■ Assignment ■
Look through the entries that follow and count the lines with the word "sigma". The reply is that number alone.
[[ Provided records, beginning ]]
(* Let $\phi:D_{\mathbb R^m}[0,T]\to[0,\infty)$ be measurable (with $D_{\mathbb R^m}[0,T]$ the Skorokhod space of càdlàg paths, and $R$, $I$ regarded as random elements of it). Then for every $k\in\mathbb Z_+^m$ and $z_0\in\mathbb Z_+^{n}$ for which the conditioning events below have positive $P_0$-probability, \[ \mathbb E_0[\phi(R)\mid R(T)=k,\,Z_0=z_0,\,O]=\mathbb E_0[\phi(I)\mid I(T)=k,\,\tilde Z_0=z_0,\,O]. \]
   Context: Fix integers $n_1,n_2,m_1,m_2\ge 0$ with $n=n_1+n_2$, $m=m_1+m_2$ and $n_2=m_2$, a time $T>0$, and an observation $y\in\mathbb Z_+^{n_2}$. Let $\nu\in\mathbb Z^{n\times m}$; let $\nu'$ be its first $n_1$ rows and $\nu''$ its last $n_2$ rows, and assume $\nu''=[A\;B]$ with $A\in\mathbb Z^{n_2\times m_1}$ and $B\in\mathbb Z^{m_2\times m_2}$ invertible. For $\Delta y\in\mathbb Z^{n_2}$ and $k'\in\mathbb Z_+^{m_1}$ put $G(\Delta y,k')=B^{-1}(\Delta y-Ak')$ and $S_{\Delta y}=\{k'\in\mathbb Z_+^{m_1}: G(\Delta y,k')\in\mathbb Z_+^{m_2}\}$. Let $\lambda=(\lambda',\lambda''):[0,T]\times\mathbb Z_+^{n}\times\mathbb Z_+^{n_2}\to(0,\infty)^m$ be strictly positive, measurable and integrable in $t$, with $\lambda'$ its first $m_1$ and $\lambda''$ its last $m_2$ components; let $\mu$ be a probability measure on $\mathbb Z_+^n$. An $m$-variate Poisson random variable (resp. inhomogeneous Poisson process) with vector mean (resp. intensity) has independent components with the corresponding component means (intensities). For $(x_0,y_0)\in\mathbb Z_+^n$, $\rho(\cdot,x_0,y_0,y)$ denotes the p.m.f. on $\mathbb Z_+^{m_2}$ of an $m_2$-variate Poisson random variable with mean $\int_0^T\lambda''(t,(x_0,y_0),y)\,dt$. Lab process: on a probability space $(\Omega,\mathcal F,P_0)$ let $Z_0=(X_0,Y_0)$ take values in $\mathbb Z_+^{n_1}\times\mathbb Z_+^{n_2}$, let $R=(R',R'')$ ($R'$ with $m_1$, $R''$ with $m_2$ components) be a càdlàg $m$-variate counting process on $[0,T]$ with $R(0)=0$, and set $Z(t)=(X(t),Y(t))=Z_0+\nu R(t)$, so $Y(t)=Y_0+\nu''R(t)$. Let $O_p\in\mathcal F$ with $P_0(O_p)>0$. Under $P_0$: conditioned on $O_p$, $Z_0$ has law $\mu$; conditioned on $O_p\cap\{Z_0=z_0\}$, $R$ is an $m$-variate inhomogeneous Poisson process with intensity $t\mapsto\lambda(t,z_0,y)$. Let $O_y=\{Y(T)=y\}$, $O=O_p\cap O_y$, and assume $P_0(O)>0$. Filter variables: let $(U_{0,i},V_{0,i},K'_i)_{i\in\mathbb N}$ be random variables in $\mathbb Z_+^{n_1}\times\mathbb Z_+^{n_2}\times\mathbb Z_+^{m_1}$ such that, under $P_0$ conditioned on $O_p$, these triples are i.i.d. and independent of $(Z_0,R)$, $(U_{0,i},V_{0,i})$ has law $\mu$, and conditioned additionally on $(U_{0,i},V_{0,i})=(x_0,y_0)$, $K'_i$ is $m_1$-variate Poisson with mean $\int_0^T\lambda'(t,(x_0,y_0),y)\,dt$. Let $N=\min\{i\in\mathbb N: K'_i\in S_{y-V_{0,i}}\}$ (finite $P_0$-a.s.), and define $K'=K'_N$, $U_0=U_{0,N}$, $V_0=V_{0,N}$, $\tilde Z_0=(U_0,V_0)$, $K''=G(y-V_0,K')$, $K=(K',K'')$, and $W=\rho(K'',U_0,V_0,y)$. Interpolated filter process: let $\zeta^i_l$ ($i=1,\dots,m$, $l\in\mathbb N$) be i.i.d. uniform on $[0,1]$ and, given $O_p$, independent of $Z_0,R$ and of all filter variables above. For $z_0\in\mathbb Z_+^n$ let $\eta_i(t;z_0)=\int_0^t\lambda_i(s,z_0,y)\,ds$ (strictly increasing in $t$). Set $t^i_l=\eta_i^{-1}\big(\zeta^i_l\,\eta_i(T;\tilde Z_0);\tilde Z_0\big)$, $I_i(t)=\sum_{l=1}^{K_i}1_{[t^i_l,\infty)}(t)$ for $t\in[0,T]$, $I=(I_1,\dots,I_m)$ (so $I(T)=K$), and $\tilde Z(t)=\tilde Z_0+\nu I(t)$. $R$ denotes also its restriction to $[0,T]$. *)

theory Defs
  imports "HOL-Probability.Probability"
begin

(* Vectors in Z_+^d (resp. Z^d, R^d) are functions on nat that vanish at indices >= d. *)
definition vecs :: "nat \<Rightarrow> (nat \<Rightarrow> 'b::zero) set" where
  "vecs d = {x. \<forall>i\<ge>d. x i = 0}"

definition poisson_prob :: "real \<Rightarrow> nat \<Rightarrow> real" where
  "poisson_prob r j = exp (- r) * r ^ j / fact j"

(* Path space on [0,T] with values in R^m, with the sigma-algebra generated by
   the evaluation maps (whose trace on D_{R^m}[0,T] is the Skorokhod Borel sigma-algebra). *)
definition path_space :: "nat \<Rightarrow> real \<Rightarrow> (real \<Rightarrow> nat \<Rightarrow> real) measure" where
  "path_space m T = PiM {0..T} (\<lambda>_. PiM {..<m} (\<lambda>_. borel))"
[[ Provided records, end ]]
■ Result ■
2